We are seated in a sunny coffee bar, empty mostly, save for an odd couple, and an old Parsi lady sitting alone having a milkshake. The afternoon is warm and we had both decided to meet up for a quick coffee and chat as some office work had brought us together in the same neighborhood. We are seated by the tall, freshly polished French windows, overlooking the bustling sidewalk.
I still find it hard to dismiss the thought of the soft edges of Monal’s belly, where the golden brown loaves of her thighs start their journey to her pink to
es.
‘You’ve been silently stirring that lone lump of sugar for the last half hour’, Aarti says, her voice coming from a distance.
‘Oh!’ I take the spoon out and take a sip of the coffee gone cold, and grimace.
Aarti laughs and motions to the pale Nepali waitress with the flat chest to fetch another coffee for me. ’Make it piping hot- the last one literally sent him to sleep’.
‘My hero’, she says, addressing me with her straw, ‘always fighting office battles. What’s bugging our soldier this day?’
‘This, and some of that’, I push away my cup and her toes that have crept up to my knee.
‘Papa doesn’t want to play with mama today’, she says, and lights up the table with a wide grin. ‘Papa only wants to work’.
I look at her and shake my head. She is every inch perfect- but suddenly perfectly plain.
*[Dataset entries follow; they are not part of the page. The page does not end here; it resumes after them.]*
lemma in_mon_span_prod_linear_factors:
  assumes "finite T" "in_mon_span m X (mons_deg m e) f" "\<And>t. t \<in> T \<Longrightarrow> j t \<le> m \<and> k t \<le> m"
  shows "in_mon_span m X (mons_deg m (e + card T))
           (\<lambda>x. (\<Prod>t\<in>T. a t * x (j t) - b t * x (k t)) * f x)"
  using assms
proof (induction T rule: finite_induct)
  case empty
  then show ?case
    by simp
next
  case (insert t T)
  then have "in_mon_span m X (mons_deg m (Suc (e + card T)))
      (\<lambda>x. (a t * x (j t) - b t * x (k t)) * ((\<Prod>t\<in>T. a t * x (j t) - b t * x (k t)) * f x))"
    by (intro in_mon_span_linear_factor) auto
  then show ?case
    using insert.hyps by (simp add: mult.assoc)
qed

section \<open>Reduction modulo leading monomials\<close>

lemma not_proj_reduced_monE:
  assumes "\<nu> \<in> mons m" "\<not> proj_reduced_mon q m \<nu>"
  obtains i k where "i < k" "k \<le> m" "q - 1 < \<nu> i" "0 < \<nu> k"
proof -
  let ?K = "{i. 0 < \<nu> i}"
  have K_sub: "?K \<subseteq> {..m}"
    using assms(1) unfolding mons_def by (auto intro: leI)
  have "\<nu> \<noteq> (\<lambda>_. 0)"
    using assms unfolding proj_reduced_mon_def by auto
  then have "?K \<noteq> {}"
    by (auto simp: fun_eq_iff)
  define k where "k = Max ?K"
  have fin: "finite ?K"
    using K_sub finite_subset by blast
  then have k: "0 < \<nu> k" "k \<le> m"
    using Max_in[OF fin \<open>?K \<noteq> {}\<close>] K_sub unfolding k_def by auto
  have "\<forall>i>k. \<nu> i = 0"
    using Max_ge[OF fin] unfolding k_def by (meson CollectI leD neq0_conv)
  then have "\<not> (\<forall>i<k. \<nu> i \<le> q - 1)"
    using assms k unfolding proj_reduced_mon_def by blast
  then obtain i where "i < k" "q - 1 < \<nu> i"
    by (auto simp: not_le)
  with k show thesis
    using that by blast
qed

lemma mon_eval_swap_card_power:
  fixes x :: "nat \<Rightarrow> 'a::{finite,field}"
  assumes "i \<le> m" "k \<le> m"
  shows "mon_eval m (w + var_exp i 1 + var_exp k CARD('a)) x
       = mon_eval m (w + var_exp i CARD('a) + var_exp k 1) x"
  using assms by (simp add: mon_eval_add mon_eval_var_exp power_card_eq_self)
(* Let $\pi\colon E\to B$ and $\pi'\colon E'\to B'$ be Hurewicz fibrations with path-connected bases $B$ and $B'$. Let $f,g\colon E\to E'$ and $\bar f,\bar g\colon B\to B'$ be continuous maps with $\pi'\circ f=\bar f\circ\pi$ and $\pi'\circ g=\bar g\circ\pi$. Let $b_0\in B$ satisfy $\bar f(b_0)=b_0'=\bar g(b_0)$, let $F_0=\pi^{-1}(b_0)$, $F_0'=\pi'^{-1}(b_0')$, and let $f_0,g_0\colon F_0\to F_0'$ be the maps induced by $f$ and $g$. Then $$\mathrm{D}(f,g)+1\leq \big(\mathrm{D}(f_0,g_0)+1\big)\big(\mathrm{cat}(B)+1\big).$$
   Context: For continuous maps $f,g\colon X\to Y$, the homotopic distance $\mathrm{D}(f,g)$ is the least integer $n\geq 0$ such that there is an open cover $\{U_0,\dots,U_n\}$ of $X$ with $f|_{U_j}\simeq g|_{U_j}$ for all $j$ ($\infty$ if none exists). For a path-connected space $B$, $\mathrm{cat}(B)$ is the least integer $n\geq 0$ such that $B$ can be covered by $n+1$ open sets whose inclusions into $B$ are null-homotopic. *)

theory Defs
  imports "HOL-Analysis.Analysis" "HOL-Library.Extended_Nat"
begin

text \<open>Homotopy lifting property of p : E \<rightarrow> B with respect to all test spaces
  whose points have type 'x (the test type is selected by the itself argument).\<close>
definition hlp_wrt :: "'x itself \<Rightarrow> 'e topology \<Rightarrow> 'b topology \<Rightarrow> ('e \<Rightarrow> 'b) \<Rightarrow> bool" where
  "hlp_wrt T E B p \<longleftrightarrow>
     (\<forall>(X::'x topology) h H.
        continuous_map X E h \<and>
        continuous_map (prod_topology X (top_of_set {0..1::real})) B H \<and>
        (\<forall>x\<in>topspace X. H (x, 0) = p (h x))
        \<longrightarrow> (\<exists>K. continuous_map (prod_topology X (top_of_set {0..1::real})) E K \<and>
                 (\<forall>x\<in>topspace X. K (x, 0) = h x) \<and>
                 (\<forall>z\<in>topspace (prod_topology X (top_of_set {0..1::real})). p (K z) = H z)))"

definition hurewicz_fibration :: "'x itself \<Rightarrow> 'e topology \<Rightarrow> 'b topology \<Rightarrow> ('e \<Rightarrow> 'b) \<Rightarrow> bool" where
  "hurewicz_fibration T E B p \<longleftrightarrow> continuous_map E B p \<and> hlp_wrt T E B p"

text \<open>Homotopic distance D(f,g), with value \<infinity> if no finite open cover exists.\<close>
definition homotopic_distance :: "'a topology \<Rightarrow> 'b topology \<Rightarrow> ('a \<Rightarrow> 'b) \<Rightarrow> ('a \<Rightarrow> 'b) \<Rightarrow> enat" where
  "homotopic_distance X Y f g =
     (INF n \<in> {n::nat. \<exists>U::nat \<Rightarrow> 'a set.
         (\<forall>j\<le>n. openin X (U j)) \<and> (\<Union>j\<le>n. U j) = topspace X \<and>
         (\<forall>j\<le>n. homotopic_with (\<lambda>_. True) (subtopology X (U j)) Y f g)}. enat n)"
(* Let $A(x)=\sin^2(2\pi x)$, $\hat m(A)=\frac{A(1/3)+A(2/3)}{2}$, $\eta(x)=\frac{x}{4}+\frac12$, $F(x)=A(\frac{x}{2})+A(\frac{x}{4}+\frac12)$, and $V_2(x)=\lim_{n\to\infty}\sum_{i=0}^{n-1}[F(\eta^i(x))-2\hat m(A)]$ for $x\in[0,1]$. Then the function $V_1(x)=V_2\left(\frac{x+1}{2}\right)+A\left(\frac{x+1}{2}\right)-\hat m(A)$ satisfies, for all $x\in[0,1]$, $$V_1(x/2)+A(x/2)=V_2(x)+\hat m(A).$$
   Context: $\eta^i$ denotes the $i$-th iterate of $\eta$, with $\eta^0$ the identity. *)

theory Defs
  imports Complex_Main
begin

definition A :: "real \<Rightarrow> real" where
  "A x = (sin (2 * pi * x))^2"

definition mhat :: real where
  "mhat = (A (1/3) + A (2/3)) / 2"

definition eta :: "real \<Rightarrow> real" where
  "eta x = x / 4 + 1/2"

definition F :: "real \<Rightarrow> real" where
  "F x = A (x / 2) + A (x / 4 + 1/2)"

definition V2 :: "real \<Rightarrow> real" where
  "V2 x = lim (\<lambda>n. \<Sum>i<n. F ((eta ^^ i) x) - 2 * mhat)"

definition V1 :: "real \<Rightarrow> real" where
  "V1 x = V2 ((x + 1) / 2) + A ((x + 1) / 2) - mhat"

end

theory Submission
  imports Defs
begin

text \<open>The map \<open>eta\<close> is a contraction with ratio 1/4 and fixed point 2/3, and
  \<open>F (2/3) = A (1/3) + A (2/3) = 2 * mhat\<close>.  Since \<open>A\<close> is Lipschitz, the terms
  \<open>F (eta\<^sup>i x) - 2 * mhat\<close> decay geometrically, so the series defining \<open>V2\<close>
  converges, and splitting off its first term gives
  \<open>V2 x = F x - 2 * mhat + V2 (eta x)\<close>.  As \<open>((x/2) + 1)/2 = eta x\<close>, this is the
  claimed identity; it holds for every real \<open>x\<close>, not only on [0,1].\<close>

lemma abs_sin_diff_le:
  fixes a b :: real
  shows "\<bar>sin a - sin b\<bar> \<le> \<bar>a - b\<bar>"
proof -
  have "\<bar>sin a - sin b\<bar> = 2 * \<bar>sin ((a - b) / 2)\<bar> * \<bar>cos ((a + b) / 2)\<bar>"
    by (simp add: sin_diff_sin abs_mult)
  also have "\<dots> \<le> 2 * \<bar>(a - b) / 2\<bar> * 1"
    by (intro mult_mono abs_sin_x_le_abs_x) auto
  finally show ?thesis by simp
qed

lemma abs_sin_square_diff_le:
  fixes a b :: real
  shows "\<bar>(sin a)\<^sup>2 - (sin b)\<^sup>2\<bar> \<le> 2 * \<bar>a - b\<bar>"
proof -
  have "\<bar>(sin a)\<^sup>2 - (sin b)\<^sup>2\<bar> = \<bar>sin a - sin b\<bar> * \<bar>sin a + sin b\<bar>"
    by (simp add: power2_eq_square ring_distribs flip: abs_mult)
  also have "\<dots> \<le> \<bar>a - b\<bar> * 2"
  proof (rule mult_mono)
    show "\<bar>sin a + sin b\<bar> \<le> 2"
      using abs_sin_le_one[of a] abs_sin_le_one[of b] by linarith
  qed (simp_all add: abs_sin_diff_le)
  finally show ?thesis by simp
qed

lemma abs_A_diff_le: "\<bar>A u - A v\<bar> \<le> 4 * pi * \<bar>u - v\<bar>"
proof -
  have "\<bar>A u - A v\<bar> \<le> 2 * \<bar>2 * pi * u - 2 * pi * v\<bar>"
    unfolding A_def by (rule abs_sin_square_diff_le)
  also have "\<bar>2 * pi * u - 2 * pi * v\<bar> = 2 * pi * \<bar>u - v\<bar>"
    by (simp add: abs_mult flip: right_diff_distrib)
  finally show ?thesis by simp
qed

lemma abs_F_diff_le: "\<bar>F u - F v\<bar> \<le> 3 * pi * \<bar>u - v\<bar>"
proof -
  have "\<bar>F u - F v\<bar> \<le> \<bar>A (u / 2) - A (v / 2)\<bar> + \<bar>A (u / 4 + 1/2) - A (v / 4 + 1/2)\<bar>"
    unfolding F_def by linarith
  also have "\<dots> \<le> 4 * pi * \<bar>u / 2 - v / 2\<bar> + 4 * pi * \<bar>(u / 4 + 1/2) - (v / 4 + 1/2)\<bar>"
    by (intro add_mono abs_A_diff_le)
  also have "\<dots> = 3 * pi * \<bar>u - v\<bar>"
    by (simp add: abs_minus_commute flip: diff_divide_distrib)
  finally show ?thesis .
qed

lemma F_two_thirds: "F (2/3) = 2 * mhat"
  by (simp add: F_def mhat_def)

lemma eta_contraction: "\<bar>eta y - 2/3\<bar> = \<bar>y - 2/3\<bar> / 4"
  by (simp add: eta_def flip: abs_divide) (simp add: field_simps)

lemma abs_funpow_contraction_le:
  fixes f :: "real \<Rightarrow> real"
  assumes "\<And>y. \<bar>f y - p\<bar> \<le> q * \<bar>y - p\<bar>" and "0 \<le> q"
  shows "\<bar>(f ^^ i) x - p\<bar> \<le> q ^ i * \<bar>x - p\<bar>"
proof (induction i)
  case (Suc i)
  have "\<bar>(f ^^ Suc i) x - p\<bar> \<le> q * \<bar>(f ^^ i) x - p\<bar>"
    using assms(1) by simp
  also have "\<dots> \<le> q * (q ^ i * \<bar>x - p\<bar>)"
    using Suc.IH assms(2) by (rule mult_left_mono)
  finally show ?case by simp
qed simp

lemma summable_funpow_contraction:
  fixes f g :: "real \<Rightarrow> real"
  assumes f: "\<And>y. \<bar>f y - p\<bar> \<le> q * \<bar>y - p\<bar>" "0 \<le> q" "q < 1"
    and g: "\<And>y. \<bar>g y\<bar> \<le> C * \<bar>y - p\<bar>"
  shows "summable (\<lambda>i. g ((f ^^ i) x))"
proof (rule summable_comparison_test')
  show "summable (\<lambda>i. C * \<bar>x - p\<bar> * q ^ i)"
    using f(2,3) by (intro summable_mult summable_geometric) auto
  have "C \<ge> 0"
    using g[of "p + 1"] by simp
  fix i
  have "norm (g ((f ^^ i) x)) \<le> C * \<bar>(f ^^ i) x - p\<bar>"
    using g by simp
  also have "\<dots> \<le> C * (q ^ i * \<bar>x - p\<bar>)"
    using \<open>C \<ge> 0\<close> abs_funpow_contraction_le[OF f(1,2)] by (rule mult_left_mono[rotated])
  finally show "norm (g ((f ^^ i) x)) \<le> C * \<bar>x - p\<bar> * q ^ i"
    by (simp add: algebra_simps)
qed

lemma lim_funpow_sum_unfold:
  fixes g :: "'a \<Rightarrow> 'b::real_normed_vector"
  assumes "summable (\<lambda>i. g ((f ^^ i) x))"
  shows "lim (\<lambda>n. \<Sum>i<n. g ((f ^^ i) x)) = g x + lim (\<lambda>n. \<Sum>i<n. g ((f ^^ i) (f x)))"
proof -
  have "(\<Sum>i. g ((f ^^ i) (f x))) = (\<Sum>i. g ((f ^^ i) x)) - g x"
    using suminf_split_head[OF assms] by (simp add: funpow_Suc_right del: funpow.simps)
  then show ?thesis
    by (simp flip: suminf_eq_lim)
qed

lemma V2_unfold: "V2 x = F x - 2 * mhat + V2 (eta x)"
proof -
  have "summable (\<lambda>i. F ((eta ^^ i) x) - 2 * mhat)"
  proof (rule summable_funpow_contraction)
    show "\<bar>eta y - 2/3\<bar> \<le> 1/4 * \<bar>y - 2/3\<bar>" for y
      by (simp add: eta_contraction)
    show "\<bar>F y - 2 * mhat\<bar> \<le> 3 * pi * \<bar>y - 2/3\<bar>" for y
      using abs_F_diff_le[of y "2/3"] by (simp add: F_two_thirds)
  qed auto
  then show ?thesis
    unfolding V2_def by (rule lim_funpow_sum_unfold)
qed

theorem mainTheorem9:
  fixes x :: real
  assumes "0 \<le> x" and "x \<le> 1"
  shows "V1 (x / 2) + A (x / 2) = V2 x + mhat"
proof -
  have "(x / 2 + 1) / 2 = eta x"
    by (simp add: eta_def field_simps)
  then show ?thesis
    unfolding V1_def V2_unfold[of x] F_def by (simp flip: eta_def)
qed

end
definition besselJ :: "real \<Rightarrow> real \<Rightarrow> real" where
  "besselJ nu x = (\<Sum>m. (-1) ^ m / (fact m * Gamma (real m + nu + 1)) * (x / 2) powr (2 * real m + nu))"

definition stepPCF :: "nat \<Rightarrow> real \<Rightarrow> real \<Rightarrow> real \<Rightarrow> real" where
  "stepPCF d N rho r = 1 - (1 / N) * (rho / r) powr (real d / 2) * besselJ (real d / 2) (2 * pi * rho * r)"

definition realizable :: "nat \<Rightarrow> real \<Rightarrow> real \<Rightarrow> bool" where
  "realizable d N rho \<longleftrightarrow> rho > 0 \<and> (\<forall>r>0. stepPCF d N rho r \<ge> 0)"

end

theory Submission
  imports Defs
begin

(* J_nu(x) = (x/2)^nu g(x^2), where g = bessel_reduced nu is an entire power series solving
   4y g'' + 4(nu+1) g' + g = 0. Along this ODE the energy g^2 + 4y g'^2 has derivative
   -(4+8nu) g'^2 <= 0, so |g(y)| <= g(0) = 1/Gamma(nu+1) for y >= 0. The pair correlation
   function is 1 - pi^(d/2) rho^d g((2 pi rho r)^2) / N with nu = d/2; as g is continuous at 0,
   it is nonnegative for all r > 0 exactly when pi^(d/2) rho^d / Gamma(1+d/2) <= N. *)

definition bessel_coeff :: "real \<Rightarrow> nat \<Rightarrow> real" where
  "bessel_coeff nu n = (-1) ^ n / (4 ^ n * fact n * Gamma (real n + nu + 1))"

definition bessel_reduced :: "real \<Rightarrow> real \<Rightarrow> real" where
  "bessel_reduced nu y = (\<Sum>n. bessel_coeff nu n * y ^ n)"

definition bessel_reduced' :: "real \<Rightarrow> real \<Rightarrow> real" where
  "bessel_reduced' nu y = (\<Sum>n. diffs (bessel_coeff nu) n * y ^ n)"

definition bessel_reduced'' :: "real \<Rightarrow> real \<Rightarrow> real" where
  "bessel_reduced'' nu y = (\<Sum>n. diffs (diffs (bessel_coeff nu)) n * y ^ n)"

lemma bessel_coeff_Suc:
  assumes "nu > -1"
  shows "4 * (real n + 1) * (real n + nu + 1) * bessel_coeff nu (Suc n) = - bessel_coeff nu n"
proof -
  have pos: "real n + nu + 1 > 0"
    using assms by simp
  then have "real n + nu + 1 \<notin> \<int>\<^sub>\<le>\<^sub>0"
    by (auto dest: nonpos_Ints_nonpos)
  then have "Gamma ((real n + nu + 1) + 1) = (real n + nu + 1) * Gamma (real n + nu + 1)"
    by (rule Gamma_plus1)
  then have Gamma_Suc: "Gamma (real (Suc n) + nu + 1) = (real n + nu + 1) * Gamma (real n + nu + 1)"
    by (simp add: add_ac)
  define D where "D = 4 * (real n + 1) * (real n + nu + 1)"
  have "D > 0"
    unfolding D_def using pos by simp
  have "bessel_coeff nu (Suc n) = - bessel_coeff nu n / D"
    unfolding bessel_coeff_def Gamma_Suc D_def by (simp add: algebra_simps)
  with \<open>D > 0\<close> show ?thesis
    unfolding D_def[symmetric] by simp
qed
(* Let $1\le t\le n$, write $n=at+b$ with $a\ge1$ and $0\le b<t$, and let $\mathfrak p=(x_{i_1},\ldots,x_{i_a})$ with $1\le i_1<\cdots<i_a\le n$. Then $\mathfrak p\in\mathrm{Ass}(S/I_t(L_n))$ if and only if (1) $(j-1)t+b+1\le i_j\le jt$ for all $1\le j\le a$, and (2) $i_{j+1}-i_j\le t$ for all $1\le j\le a-1$.
   Context: $K$ is a field, $S=K[x_1,\ldots,x_n]$, $I_t(L_n)=(u_1,\ldots,u_{n-t+1})$ with $u_i=x_ix_{i+1}\cdots x_{i+t-1}$. *)

theory Defs
  imports Main "HOL-Library.Poly_Mapping"
begin

text \<open>Polynomials over a field K in variables x_1, x_2, ...: a polynomial is a finitely
supported map from monomials (finitely supported exponent vectors) to coefficients.\<close>
type_synonym 'a mpoly = "(nat \<Rightarrow>\<^sub>0 nat) \<Rightarrow>\<^sub>0 'a"

definition polyS :: "nat \<Rightarrow> 'a::field mpoly set" where
  "polyS n = {p. \<forall>m \<in> Poly_Mapping.keys p. Poly_Mapping.keys m \<subseteq> {1..n}}"

definition var :: "nat \<Rightarrow> 'a::field mpoly" where
  "var i = Poly_Mapping.single (Poly_Mapping.single i 1) 1"

definition is_ideal :: "nat \<Rightarrow> 'a::field mpoly set \<Rightarrow> bool" where
  "is_ideal n J \<longleftrightarrow> J \<subseteq> polyS n \<and> 0 \<in> J \<and> (\<forall>p\<in>J. \<forall>q\<in>J. p + q \<in> J)
     \<and> (\<forall>r\<in>polyS n. \<forall>p\<in>J. r * p \<in> J)"

definition ideal_gen :: "nat \<Rightarrow> 'a::field mpoly set \<Rightarrow> 'a mpoly set" where
  "ideal_gen n G = \<Inter>{J. is_ideal n J \<and> G \<subseteq> J}"

definition is_prime_ideal :: "nat \<Rightarrow> 'a::field mpoly set \<Rightarrow> bool" where
  "is_prime_ideal n P \<longleftrightarrow> is_ideal n P \<and> P \<noteq> polyS n
     \<and> (\<forall>a\<in>polyS n. \<forall>b\<in>polyS n. a * b \<in> P \<longrightarrow> a \<in> P \<or> b \<in> P)"

definition Ass :: "nat \<Rightarrow> 'a::field mpoly set \<Rightarrow> 'a mpoly set set" where
  "Ass n I = {P. is_prime_ideal n P \<and> (\<exists>f\<in>polyS n. P = {g \<in> polyS n. g * f \<in> I})}"

definition path_ideal :: "nat \<Rightarrow> nat \<Rightarrow> 'a::field mpoly set" where
  "path_ideal n t = ideal_gen n ((\<lambda>i. \<Prod>k\<in>{i..i+t-1}. var k) ` {1..n-t+1})"

end

theory Submission
  imports Defs
begin

text \<open>
  The path ideal is the squarefree monomial ideal I generated by the monomials x_W of the
  windows W = {k, ..., k+t-1}. A monomial prime P_V = (x_v : v \<in> V) can only be associated
  to I if V meets every window: if P_V = (I : f), then every x_W lies in P_V. Conversely,
  with C the complement of V, (I : x_C) = P_V as soon as every window meets V and each
  v \<in> V is the only point of V in some window.

  For V = {i_1 < ... < i_a} with a = n div t, if every window meets V then i_1 \<le> t,
  i_a \<ge> n - t + 1 and consecutive gaps are at most t, which force the bounds (1).
  Conversely, (1) and (2) make every window meet V, and under (1) the window starting at
  (j-1)t+1 meets V only in i_j.
\<close>

section \<open>Squarefree monomial ideals\<close>

definition set_monomial :: "nat set \<Rightarrow> (nat \<Rightarrow>\<^sub>0 nat)" where
  "set_monomial W = (\<Sum>l\<in>W. Poly_Mapping.single l 1)"

lemma lookup_set_monomial:
  "finite W \<Longrightarrow> Poly_Mapping.lookup (set_monomial W) l = (if l \<in> W then 1 else 0)"
  by (simp add: set_monomial_def lookup_sum lookup_single when_def)

lemma keys_set_monomial [simp]: "finite W \<Longrightarrow> Poly_Mapping.keys (set_monomial W) = W"
  by (auto simp: in_keys_iff lookup_set_monomial split: if_splits)

lemma keys_add_nat [simp]:
  "Poly_Mapping.keys ((m1::'k \<Rightarrow>\<^sub>0 nat) + m2) = Poly_Mapping.keys m1 \<union> Poly_Mapping.keys m2"
  by (auto simp: in_keys_iff lookup_add)

lemma prod_var_eq_single:
  "finite W \<Longrightarrow> (\<Prod>k\<in>W. var k) = (Poly_Mapping.single (set_monomial W) 1 :: 'a::field mpoly)"
  by (induction W rule: finite_induct) (simp_all add: var_def mult_single set_monomial_def)

lemma sum_single_lookup:
  "(\<Sum>m\<in>Poly_Mapping.keys p. Poly_Mapping.single m (Poly_Mapping.lookup p m)) = p"
  by (rule poly_mapping_eqI) (simp add: lookup_sum lookup_single when_def in_keys_iff)

lemma keys_mult_single_one:
  "Poly_Mapping.keys (g * Poly_Mapping.single F (1::'a::comm_semiring_1))
     = (\<lambda>m. m + (F::'k::cancel_comm_monoid_add)) ` Poly_Mapping.keys g"
proof
  show "Poly_Mapping.keys (g * Poly_Mapping.single F 1) \<subseteq> (\<lambda>m. m + F) ` Poly_Mapping.keys g"
    using keys_mult[of g "Poly_Mapping.single F 1"] by auto
  have "g * Poly_Mapping.single F 1
      = (\<Sum>m\<in>Poly_Mapping.keys g. Poly_Mapping.single (m + F) (Poly_Mapping.lookup g m))"
    by (subst (1) sum_single_lookup[symmetric]) (simp add: sum_distrib_right mult_single)
  then have "Poly_Mapping.lookup (g * Poly_Mapping.single F 1) (m + F) = Poly_Mapping.lookup g m" for m
    by (simp add: lookup_sum lookup_single when_def in_keys_iff)
  then show "(\<lambda>m. m + F) ` Poly_Mapping.keys g \<subseteq> Poly_Mapping.keys (g * Poly_Mapping.single F 1)"
    by (auto simp: in_keys_iff)
qed

lemma polyS_add: "p \<in> polyS n \<Longrightarrow> q \<in> polyS n \<Longrightarrow> p + q \<in> polyS n"
  using keys_add[of p q] unfolding polyS_def by blast

lemma polyS_mult:
  assumes "p \<in> polyS n" "q \<in> polyS n"
  shows "p * q \<in> polyS n"
proof -
  have "Poly_Mapping.keys m \<subseteq> {1..n}" if m: "m \<in> Poly_Mapping.keys (p * q)" for m
  proof -
    obtain x y where "m = x + y" "x \<in> Poly_Mapping.keys p" "y \<in> Poly_Mapping.keys q"
      using keys_mult[of p q] m by auto
    then show ?thesis
      using assms by (auto simp: polyS_def)
  qed
  then show ?thesis
    by (simp add: polyS_def)
qed

lemma polyS_single:
  "Poly_Mapping.keys m \<subseteq> {1..n} \<Longrightarrow> (Poly_Mapping.single m c :: 'a::field mpoly) \<in> polyS n"
  unfolding polyS_def by auto

lemma polyS_keys_subset:
  "p \<in> polyS n \<Longrightarrow> Poly_Mapping.keys q \<subseteq> Poly_Mapping.keys p \<Longrightarrow> q \<in> polyS n"
  unfolding polyS_def by blast

lemma is_ideal_sum: "is_ideal n K \<Longrightarrow> (\<And>x. x \<in> A \<Longrightarrow> f x \<in> K) \<Longrightarrow> sum f A \<in> K"
  by (induction A rule: infinite_finite_induct) (auto simp: is_ideal_def)

lemma is_ideal_diff:
  assumes K: "is_ideal n K" and "p \<in> K" "q \<in> K"
  shows "p - q \<in> K"
proof -
  have "- 1 \<in> polyS n"
    unfolding polyS_def by simp
  then have "p + (- 1) * q \<in> K"
    using assms unfolding is_ideal_def by blast
  then show ?thesis by simp
qed

definition sqfree_monomial_ideal :: "nat \<Rightarrow> nat set set \<Rightarrow> 'a::field mpoly set" where
  "sqfree_monomial_ideal n WW =
     {p \<in> polyS n. \<forall>m\<in>Poly_Mapping.keys p. \<exists>W\<in>WW. W \<subseteq> Poly_Mapping.keys m}"

lemma is_ideal_sqfree_monomial_ideal: "is_ideal n (sqfree_monomial_ideal n WW)"
  unfolding is_ideal_def
proof (intro conjI ballI)
  show "sqfree_monomial_ideal n WW \<subseteq> polyS n" "0 \<in> sqfree_monomial_ideal n WW"
    by (auto simp: sqfree_monomial_ideal_def polyS_def)
next
  fix p q :: "'a mpoly" assume "p \<in> sqfree_monomial_ideal n WW" "q \<in> sqfree_monomial_ideal n WW"
  then show "p + q \<in> sqfree_monomial_ideal n WW"
    using keys_add[of p q] by (auto simp: sqfree_monomial_ideal_def polyS_add)
next
  fix r p :: "'a mpoly" assume r: "r \<in> polyS n" and p: "p \<in> sqfree_monomial_ideal n WW"
  have "\<exists>W\<in>WW. W \<subseteq> Poly_Mapping.keys m" if m: "m \<in> Poly_Mapping.keys (r * p)" for m
  proof -
    obtain x y where xy: "m = x + y" "y \<in> Poly_Mapping.keys p"
      using keys_mult[of r p] m by auto
    then obtain W where "W \<in> WW" "W \<subseteq> Poly_Mapping.keys y"
      using p by (auto simp: sqfree_monomial_ideal_def)
    then show ?thesis
      using xy(1) by auto
  qed
  with r p show "r * p \<in> sqfree_monomial_ideal n WW"
    by (simp add: sqfree_monomial_ideal_def polyS_mult)
qed

lemma single_mem_ideal_if_divisible:
  assumes K: "is_ideal n K" and W: "finite W" "W \<subseteq> Poly_Mapping.keys m"
    and m: "Poly_Mapping.keys m \<subseteq> {1..n}"
    and gen: "Poly_Mapping.single (set_monomial W) 1 \<in> K"
  shows "Poly_Mapping.single m c \<in> K"
proof -
  have m_eq: "m = (m - set_monomial W) + set_monomial W"
    by (rule poly_mapping_eqI)
      (use W in \<open>auto simp: lookup_add lookup_minus lookup_set_monomial in_keys_iff\<close>)
  have "Poly_Mapping.keys (m - set_monomial W) \<subseteq> {1..n}"
    using m by (auto simp: in_keys_iff lookup_minus)
  then have "Poly_Mapping.single (m - set_monomial W) c \<in> polyS n"
    by (rule polyS_single)
  with K gen have "Poly_Mapping.single (m - set_monomial W) c * Poly_Mapping.single (set_monomial W) 1 \<in> K"
    unfolding is_ideal_def by blast
  then show ?thesis
    by (subst m_eq) (simp add: mult_single)
qed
She has the right dimensions: she rises to the correct length from the ground, and then fills out in perfectly rounded contours. She is of robust design and provides year-round comfort; warm enough in the wintery nights and cool and shady when it’s heating up. Her surface area is without blemish, and her façade pleasant to the sight. When you shelter in her you feel blessed and you feel saved; she lengthens your days. She is all of mother, and sister, and woman, and savior.
Monal- she’s the salt seasoning of life. Olive-skinned, with eyes that gleam in mischief; her dangerous and forbidden allure is what compels men to soak weed and wage wars. Thy neighbor’s coveted, fornicating wife- she’s what god had in mind when he wrote with his finger on a stone tablet the tenth commandment on Mount Sinai.
Having tasted of her meat, all else is grass to me.
‘Are you even here?’ Aarti taps on my temple to snap me out of my reverie.
‘Huh?’
‘As I was saying, my dad is gathering my trousseau. Can you imagine the old man doing it? And guess who’s helping him?’
‘Yeah, he sure needs help’. My attention is riveted on the ripples in my cup as I swirl the coffee with a finger.